=== Begin Enclosure ===
lemma basis_expansion_cheb_coeff:
  "basis_expansion (cheb_coeff d q) x s q n =
    (\<Sum>k\<in>{0..n div 2}. q ^ ((n - 2 * k) choose 2) * qbinom q (n + d) (2 * k + d)
      * x ^ (n - 2 * k) * (\<Prod>j\<in>{0..<k}. x\<^sup>2 + q ^ (2 * j + 1) * s))"
proof -
  have "basis_expansion (cheb_coeff d q) x s q n =
      (\<Sum>k\<in>{0..n div 2}. cheb_coeff d q n k * x ^ (n - 2 * k) * shifted_prod x s q k)"
    unfolding basis_expansion_def
    by (rule sum.mono_neutral_right) (auto simp: cheb_coeff_def)
  also have "\<dots> = (\<Sum>k\<in>{0..n div 2}. q ^ ((n - 2 * k) choose 2) * qbinom q (n + d) (2 * k + d)
      * x ^ (n - 2 * k) * (\<Prod>j\<in>{0..<k}. x\<^sup>2 + q ^ (2 * j + 1) * s))"
    by (intro sum.cong) (auto simp: cheb_coeff_def shifted_prod_def atLeast0LessThan)
  finally show ?thesis .
qed

lemma cheb_expansion:
  fixes V :: "nat \<Rightarrow> real"
  assumes q: "q \<noteq> -1" and d: "d \<le> 1"
    and V_0: "V 0 = 1" and V_1: "V 1 = qint q (d + 1) * x"
    and V_rec: "\<And>n. V (n + 2) = (1 + q ^ (n + (d + 1))) * x * V (n + 1) + q ^ (n + 1) * s * V n"
  shows "V n = (\<Sum>k\<in>{0..n div 2}. q ^ ((n - 2 * k) choose 2) * qbinom q (n + d) (2 * k + d)
      * x ^ (n - 2 * k) * (\<Prod>j\<in>{0..<k}. x\<^sup>2 + q ^ (2 * j + 1) * s))"
proof -
  have "V n = basis_expansion (cheb_coeff d q) x s q n"
  proof (rule eq_basis_expansion_if_rec[where e = "d + 1"])
    show "cheb_coeff d q n k = 0" if "n < 2 * k" for n k
      using that by (simp add: cheb_coeff_def)
    show "V 0 = cheb_coeff d q 0 0" "V 1 = cheb_coeff d q 1 0 * x"
      using V_0 V_1 qbinom_self[OF q, of d] qbinom_Suc_self[OF q, of d] by (simp_all add: cheb_coeff_def binomial_eq_0)
  qed (use cheb_coeff_rec[OF q d] V_rec in auto)
  then show ?thesis
    unfolding basis_expansion_cheb_coeff .
qed

theorem theorem2p7:
  fixes x s q :: real and n :: nat
  assumes "q \<noteq> -1"
  shows "(T n x s q = (\<Sum>k\<in>{0..n div 2}. q ^ ((n - 2*k) choose 2) * qbinom q n (2*k)
            * x ^ (n - 2*k) * (\<Prod>j\<in>{0..<k}. x\<^sup>2 + q ^ (2*j+1) * s))) \<and>
         (U n x s q = (\<Sum>k\<in>{0..n div 2}. q ^ ((n - 2*k) choose 2) * qbinom q (n+1) (2*k+1)
            * x ^ (n - 2*k) * (\<Prod>j\<in>{0..<k}. x\<^sup>2 + q ^ (2*j+1) * s)))"
proof
  show "T n x s q = (\<Sum>k\<in>{0..n div 2}. q ^ ((n - 2*k) choose 2) * qbinom q n (2*k)
            * x ^ (n - 2*k) * (\<Prod>j\<in>{0..<k}. x\<^sup>2 + q ^ (2*j+1) * s))"
    using cheb_expansion[OF assms, of 0 "\<lambda>n. T n x s q"] by simp
  show "U n x s q = (\<Sum>k\<in>{0..n div 2}. q ^ ((n - 2*k) choose 2) * qbinom q (n+1) (2*k+1)
            * x ^ (n - 2*k) * (\<Prod>j\<in>{0..<k}. x\<^sup>2 + q ^ (2*j+1) * s))"
    using cheb_expansion[OF assms, of 1 "\<lambda>n. U n x s q"] by (simp add: qint_def)
qed

end
(* Let $m>n>0$ and $c>0$ be constants. Let $f,g\in C(\mathbb{R}_0^+,\mathbb{R}_0^+)$, let $w\in C(\mathbb{R}_0^+,\mathbb{R}_0^+)$ be nondecreasing with $w(x)>0$ for $x>0$, and let $\alpha\in C^1(\mathbb{R}_0^+,\mathbb{R}_0^+)$ be nondecreasing with $\alpha(t)\le t$. If $u\in C(\mathbb{R}_0^+,\mathbb{R}_0^+)$ satisfies $$u^m(t)\le c^{m/(m-n)}+\frac{m}{m-n}\int_0^{\alpha(t)}\big[f(s)u^n(s)w(u(s))+g(s)u^n(s)\big]\,ds\qquad\text{for all }t\ge0,$$ then there exists $\tau>0$ such that for all $t\in[0,\tau]$, $$\Psi\Big(c+\int_0^{\alpha(t)}g(s)\,ds\Big)+\int_0^{\alpha(t)}f(s)\,ds\in\mathrm{Dom}(\Psi^{-1})$$ and $$u(t)\le\Big\{\Psi^{-1}\Big[\Psi\Big(c+\int_0^{\alpha(t)}g(s)\,ds\Big)+\int_0^{\alpha(t)}f(s)\,ds\Big]\Big\}^{1/(m-n)},$$ where $\Psi(x)=\int_1^x\frac{ds}{w(s^{1/(m-n)})}$ for $x>0$.
   Context: $\mathbb{R}_0^+=[0,\infty)$. $\Psi$ is strictly increasing on $(0,\infty)$, $\Psi^{-1}$ denotes its inverse, and $\mathrm{Dom}(\Psi^{-1})=\Psi((0,\infty))$. *)

theory Defs
  imports "HOL-Analysis.Analysis"
begin

definition oint :: "real \<Rightarrow> real \<Rightarrow> (real \<Rightarrow> real) \<Rightarrow> real" where
  "oint a b h = (if a \<le> b then integral {a..b} h else - integral {b..a} h)"

definition Psi :: "(real \<Rightarrow> real) \<Rightarrow> real \<Rightarrow> real \<Rightarrow> real \<Rightarrow> real" where
  "Psi w m n x = oint 1 x (\<lambda>s. 1 / w (s powr (1 / (m - n))))"

definition Psi_inv :: "(real \<Rightarrow> real) \<Rightarrow> real \<Rightarrow> real \<Rightarrow> real \<Rightarrow> real" where
  "Psi_inv w m n y = (THE x. x > 0 \<and> Psi w m n x = y)"

definition Psi_dom :: "(real \<Rightarrow> real) \<Rightarrow> real \<Rightarrow> real \<Rightarrow> real set" where
  "Psi_dom w m n = Psi w m n ` {0<..}"

end

theory Submission
  imports Defs
begin

(* Write v(s) for the right-hand side with upper limit s (the "majorant"), so that
   u(t)^m <= v(alpha t) <= v(t) because alpha(t) <= t and the integrand h is nonnegative.
   (1) Power reduction: v' = m/(m-n) h and h <= v^(n/m) (f w(v^(1/m)) + g), so the power
       P = v^((m-n)/m) satisfies P' <= f w(v^(1/m)) + g and hence P <= c + G + K,
       where G = int g and K = int f w(v^(1/m)).
   (2) Bihari step: for fixed T the function R = c + G(T) + K dominates P on [0,T], so
       w(v^(1/m)) = w(P^(1/(m-n))) <= w(R^(1/(m-n))) and (Psi o R)' <= f; integrating
       gives Psi(P(T)) <= Psi(c + G(T)) + F(T) with F = int f.
   (3) H(T) = Psi(c + G(T)) + F(T) is continuous with H(0) = Psi(c), so for small T it lies
       in [Psi(c), Psi(2c)], inside the range of the strictly increasing Psi; applying the
       inverse to (2) at T = alpha(t) gives the claimed bound on u(t). *)

lemma integral_upper_has_derivative:
  fixes h :: "real \<Rightarrow> real"
  assumes "continuous_on {a..b} h" "a < x" "x < b"
  shows "((\<lambda>y. integral {a..y} h) has_real_derivative h x) (at x)"
  using integral_has_real_derivative[of a b h x] assms by (simp add: at_within_Icc_at)

lemma integral_nonneg_continuous:
  fixes h :: "real \<Rightarrow> real"
  assumes "continuous_on {a..b} h" "\<forall>s\<in>{a..b}. h s \<ge> 0"
  shows "0 \<le> integral {a..b} h"
  using assms by (intro integral_nonneg integrable_continuous_real) auto

lemma integral_upper_mono:
  fixes h :: "real \<Rightarrow> real"
  assumes h: "continuous_on {0..} h" "\<forall>s\<ge>0. h s \<ge> 0" and ab: "0 \<le> a" "a \<le> b"
  shows "integral {0..a} h \<le> integral {0..b} h"
proof -
  have "0 \<le> integral {a..b} h"
    using h ab by (intro integral_nonneg_continuous continuous_on_subset[OF h(1)]) auto
  moreover have "h integrable_on {0..b}"
    by (rule integrable_continuous_real, rule continuous_on_subset[OF h(1)]) auto
  ultimately show ?thesis
    using Henstock_Kurzweil_Integration.integral_combine[where f=h and a=0 and c=a and b=b] ab
    by auto
qed

section \<open>The function Psi\<close>

lemma Psi_integrand_continuous:
  fixes w :: "real \<Rightarrow> real" and m n :: real
  assumes w: "continuous_on {0..} w" "\<forall>x>0. w x > 0"
  shows "continuous_on {0<..} (\<lambda>s. 1 / w (s powr (1/(m-n))))"
proof -
  have "continuous_on {0<..} (\<lambda>s::real. s powr (1/(m-n)))"
    by (intro continuous_intros) auto
  then have "continuous_on {0<..} (\<lambda>s. w (s powr (1/(m-n))))"
    by (rule continuous_on_compose2[OF w(1)]) auto
  moreover have "\<forall>s>0. w (s powr (1/(m-n))) > 0"
    using w(2) by simp
  ultimately show ?thesis
    by (intro continuous_intros) auto
qed

text \<open>Psi is differentiable on the positive reals with derivative 1/w(x^(1/(m-n))):
  near x it differs from an indefinite integral by a constant.\<close>
lemma Psi_has_derivative:
  fixes w :: "real \<Rightarrow> real" and m n x :: real
  assumes w: "continuous_on {0..} w" "\<forall>x>0. w x > 0" and x: "x > 0"
  shows "(Psi w m n has_real_derivative 1 / w (x powr (1/(m-n)))) (at x)"
proof -
  define k where "k = (\<lambda>s. 1 / w (s powr (1/(m-n))))"
  have k: "continuous_on {0<..} k"
    unfolding k_def by (rule Psi_integrand_continuous[OF w])
  define a where "a = min x 1 / 2"
  define b where "b = max x 1 + 1"
  have a: "0 < a" "a < x" "a < 1" and b: "x < b" "1 < b"
    using x by (auto simp: a_def b_def)
  have int: "k integrable_on {a..y}" for y
    by (rule integrable_continuous_real, rule continuous_on_subset[OF k]) (use a in auto)
  have Psi_eq: "Psi w m n y = integral {a..y} k - integral {a..1} k" if "y \<in> {a<..<b}" for y
  proof (cases "1 \<le> y")
    case True
    then show ?thesis
      using Henstock_Kurzweil_Integration.integral_combine[where f=k and a=a and c=1 and b=y]
        int[of y] a
      unfolding Psi_def oint_def k_def by auto
  next
    case False
    then show ?thesis
      using Henstock_Kurzweil_Integration.integral_combine[where f=k and a=a and c=y and b=1]
        int[of 1] a that
      unfolding Psi_def oint_def k_def by auto
  qed
  have "((\<lambda>y. integral {a..y} k) has_real_derivative k x) (at x)"
    using integral_upper_has_derivative[OF continuous_on_subset[OF k], of a b x] a b
    by (simp add: subset_eq)
  then have "((\<lambda>y. integral {a..y} k - integral {a..1} k) has_real_derivative k x) (at x)"
    by (auto intro!: derivative_eq_intros)
  then show ?thesis
    using has_field_derivative_transform_within_open[where S="{a<..<b}"] Psi_eq a b
    unfolding k_def by auto
qed

lemma Psi_continuous_on:
  fixes w :: "real \<Rightarrow> real" and m n :: real
  assumes w: "continuous_on {0..} w" "\<forall>x>0. w x > 0"
  shows "continuous_on {0<..} (Psi w m n)"
  by (rule continuous_at_imp_continuous_on)
    (use Psi_has_derivative[OF w, where m=m and n=n] DERIV_isCont in auto)

lemma Psi_less:
  fixes w :: "real \<Rightarrow> real" and m n x y :: real
  assumes w: "continuous_on {0..} w" "\<forall>x>0. w x > 0" and xy: "0 < x" "x < y"
  shows "Psi w m n x < Psi w m n y"
proof (rule DERIV_pos_imp_increasing[OF xy(2)])
  fix z assume "x \<le> z" "z \<le> y"
  then have z: "z > 0" using xy by auto
  then show "\<exists>y. DERIV (Psi w m n) z :> y \<and> y > 0"
    using Psi_has_derivative[OF w z, where m=m and n=n] w(2) by auto
qed

lemma Psi_le_iff:
  fixes w :: "real \<Rightarrow> real" and m n x y :: real
  assumes w: "continuous_on {0..} w" "\<forall>x>0. w x > 0" and xy: "0 < x" "0 < y"
  shows "Psi w m n x \<le> Psi w m n y \<longleftrightarrow> x \<le> y"
  using Psi_less[OF w xy(1), where m=m and n=n and y=y]
    Psi_less[OF w xy(2), where m=m and n=n and y=x]
  by (smt (verit))

lemma Psi_dom_between:
  fixes w :: "real \<Rightarrow> real" and m n a b y :: real
  assumes w: "continuous_on {0..} w" "\<forall>x>0. w x > 0"
    and ab: "0 < a" "a \<le> b" and y: "Psi w m n a \<le> y" "y \<le> Psi w m n b"
  shows "y \<in> Psi_dom w m n"
proof -
  have "\<forall>x. a \<le> x \<and> x \<le> b \<longrightarrow> isCont (Psi w m n) x"
    using Psi_has_derivative[OF w, where m=m and n=n] DERIV_isCont ab
    by (metis order_less_le_trans)
  then obtain x where "a \<le> x" "Psi w m n x = y"
    using IVT[OF y ab(2)] by blast
  then show ?thesis
    unfolding Psi_dom_def using ab by force
qed

lemma le_Psi_inv:
  fixes w :: "real \<Rightarrow> real" and m n p y :: real
  assumes w: "continuous_on {0..} w" "\<forall>x>0. w x > 0"
    and y: "y \<in> Psi_dom w m n" and p: "0 < p" "Psi w m n p \<le> y"
  shows "p \<le> Psi_inv w m n y"
proof -
  obtain x where x: "0 < x" "y = Psi w m n x"
    using y unfolding Psi_dom_def by auto
  have "Psi_inv w m n y = x"
    unfolding Psi_inv_def x(2)
  proof (rule the_equality)
    fix z assume "0 < z \<and> Psi w m n z = Psi w m n x"
    then show "z = x"
      using Psi_le_iff[OF w, where m=m and n=n] x by (metis order_antisym order_refl)
  qed (use x in simp)
  then show ?thesis
    using Psi_le_iff[OF w p(1) x(1), where m=m and n=n] p x by simp
qed

section \<open>The two comparison steps\<close>

lemma power_reduction:
  fixes v d k :: "real \<Rightarrow> real" and m n T :: real
  assumes mn: "0 < m" "n < m" and T: "0 \<le> T"
    and v: "continuous_on {0..T} v" "\<forall>x\<in>{0..T}. v x > 0"
    and v': "\<forall>x\<in>{0<..<T}. (v has_real_derivative d x) (at x)"
    and d: "\<forall>x\<in>{0<..<T}. d x \<le> m/(m-n) * v x powr (n/m) * k x"
    and k: "continuous_on {0..T} k"
  shows "v T powr ((m-n)/m) \<le> v 0 powr ((m-n)/m) + integral {0..T} k"
proof -
  define q where "q = (m-n)/m"
  define \<phi> where "\<phi> x = v x powr q - integral {0..x} k" for x
  have "\<phi> T \<le> \<phi> 0"
  proof (rule DERIV_nonpos_imp_decreasing_open[OF T])
    show "continuous_on {0..T} \<phi>"
      unfolding \<phi>_def using v k
      by (intro continuous_intros indefinite_integral_continuous_1 integrable_continuous_real)
        auto
    fix x assume x: "0 < x" "x < T"
    have vx: "v x > 0" using v(2) x by auto
    have v'x: "(v has_real_derivative d x) (at x)" using v' x by auto
    have "DERIV \<phi> x :> q * v x powr (q - 1) * d x - k x"
      unfolding \<phi>_def
      using DERIV_chain2[OF has_real_derivative_powr[OF vx, of q] v'x]
        integral_upper_has_derivative[OF k x] vx v'x
      by (auto intro!: derivative_eq_intros)
    moreover have "q * v x powr (q - 1) * d x \<le> k x"
    proof -
      have exps: "q - 1 + n/m = 0" "q * (m/(m-n)) = 1"
        using mn by (simp_all add: q_def field_simps)
      have "q * v x powr (q - 1) * d x \<le> q * v x powr (q - 1) * (m/(m-n) * v x powr (n/m) * k x)"
        using d x mn by (intro mult_left_mono) (auto simp: q_def)
      also have "\<dots> = (q * (m/(m-n))) * (v x powr (q - 1) * v x powr (n/m)) * k x"
        by (simp add: ac_simps)
      also have "\<dots> = k x"
      proof -
        have "v x powr (q - 1) * v x powr (n/m) = 1"
          using exps(1) vx by (simp add: powr_add[symmetric])
        then show ?thesis by (simp only: exps(2) mult_1)
      qed
      finally show ?thesis .
    qed
    ultimately show "\<exists>y. DERIV \<phi> x :> y \<and> y \<le> 0" by force
  qed
  then show ?thesis by (simp add: \<phi>_def q_def)
qed

lemma Psi_comparison:
  fixes w R r f :: "real \<Rightarrow> real" and m n T :: real
  assumes w: "continuous_on {0..} w" "\<forall>x>0. w x > 0" and T: "0 \<le> T"
    and R: "continuous_on {0..T} R" "\<forall>x\<in>{0..T}. R x > 0"
    and R': "\<forall>x\<in>{0<..<T}. (R has_real_derivative r x) (at x)"
    and r: "\<forall>x\<in>{0<..<T}. r x \<le> f x * w (R x powr (1/(m-n)))"
    and f: "continuous_on {0..T} f"
  shows "Psi w m n (R T) \<le> Psi w m n (R 0) + integral {0..T} f"
proof -
  define \<psi> where "\<psi> x = Psi w m n (R x) - integral {0..x} f" for x
  have "\<psi> T \<le> \<psi> 0"
  proof (rule DERIV_nonpos_imp_decreasing_open[OF T])
    have "continuous_on {0..T} (\<lambda>x. Psi w m n (R x))"
      by (rule continuous_on_compose2[OF Psi_continuous_on[OF w] R(1)]) (use R(2) in auto)
    then show "continuous_on {0..T} \<psi>"
      unfolding \<psi>_def using f
      by (intro continuous_intros indefinite_integral_continuous_1 integrable_continuous_real)
    fix x assume x: "0 < x" "x < T"
    have Rx: "R x > 0" using R(2) x by auto
    have wR: "w (R x powr (1/(m-n))) > 0" using w(2) Rx by auto
    have R'x: "(R has_real_derivative r x) (at x)" using R' x by auto
    have "DERIV \<psi> x :> 1 / w (R x powr (1/(m-n))) * r x - f x"
      unfolding \<psi>_def
      using DERIV_chain2[OF Psi_has_derivative[OF w Rx] R'x] integral_upper_has_derivative[OF f x]
      by (auto intro!: derivative_eq_intros)
    moreover have "1 / w (R x powr (1/(m-n))) * r x \<le> f x"
      using r x wR by (simp add: divide_le_eq mult.commute)
    ultimately show "\<exists>y. DERIV \<psi> x :> y \<and> y \<le> 0" by force
  qed
  then show ?thesis by (simp add: \<psi>_def)
qed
=== End Enclosure ===
__The problem__
Using the records above, gather all lines where the string "rule" is present.

__Response to the exercise__
    by (rule sum.mono_neutral_right) (auto simp: cheb_coeff_def)
  proof (rule eq_basis_expansion_if_rec[where e = "d + 1"])
    by (rule integrable_continuous_real, rule continuous_on_subset[OF h(1)]) auto
    by (rule continuous_on_compose2[OF w(1)]) auto
    unfolding k_def by (rule Psi_integrand_continuous[OF w])
    by (rule integrable_continuous_real, rule continuous_on_subset[OF k]) (use a in auto)
  by (rule continuous_at_imp_continuous_on)
proof (rule DERIV_pos_imp_increasing[OF xy(2)])
  proof (rule the_equality)
  proof (rule DERIV_nonpos_imp_decreasing_open[OF T])
  proof (rule DERIV_nonpos_imp_decreasing_open[OF T])
      by (rule continuous_on_compose2[OF Psi_continuous_on[OF w] R(1)]) (use R(2) in auto)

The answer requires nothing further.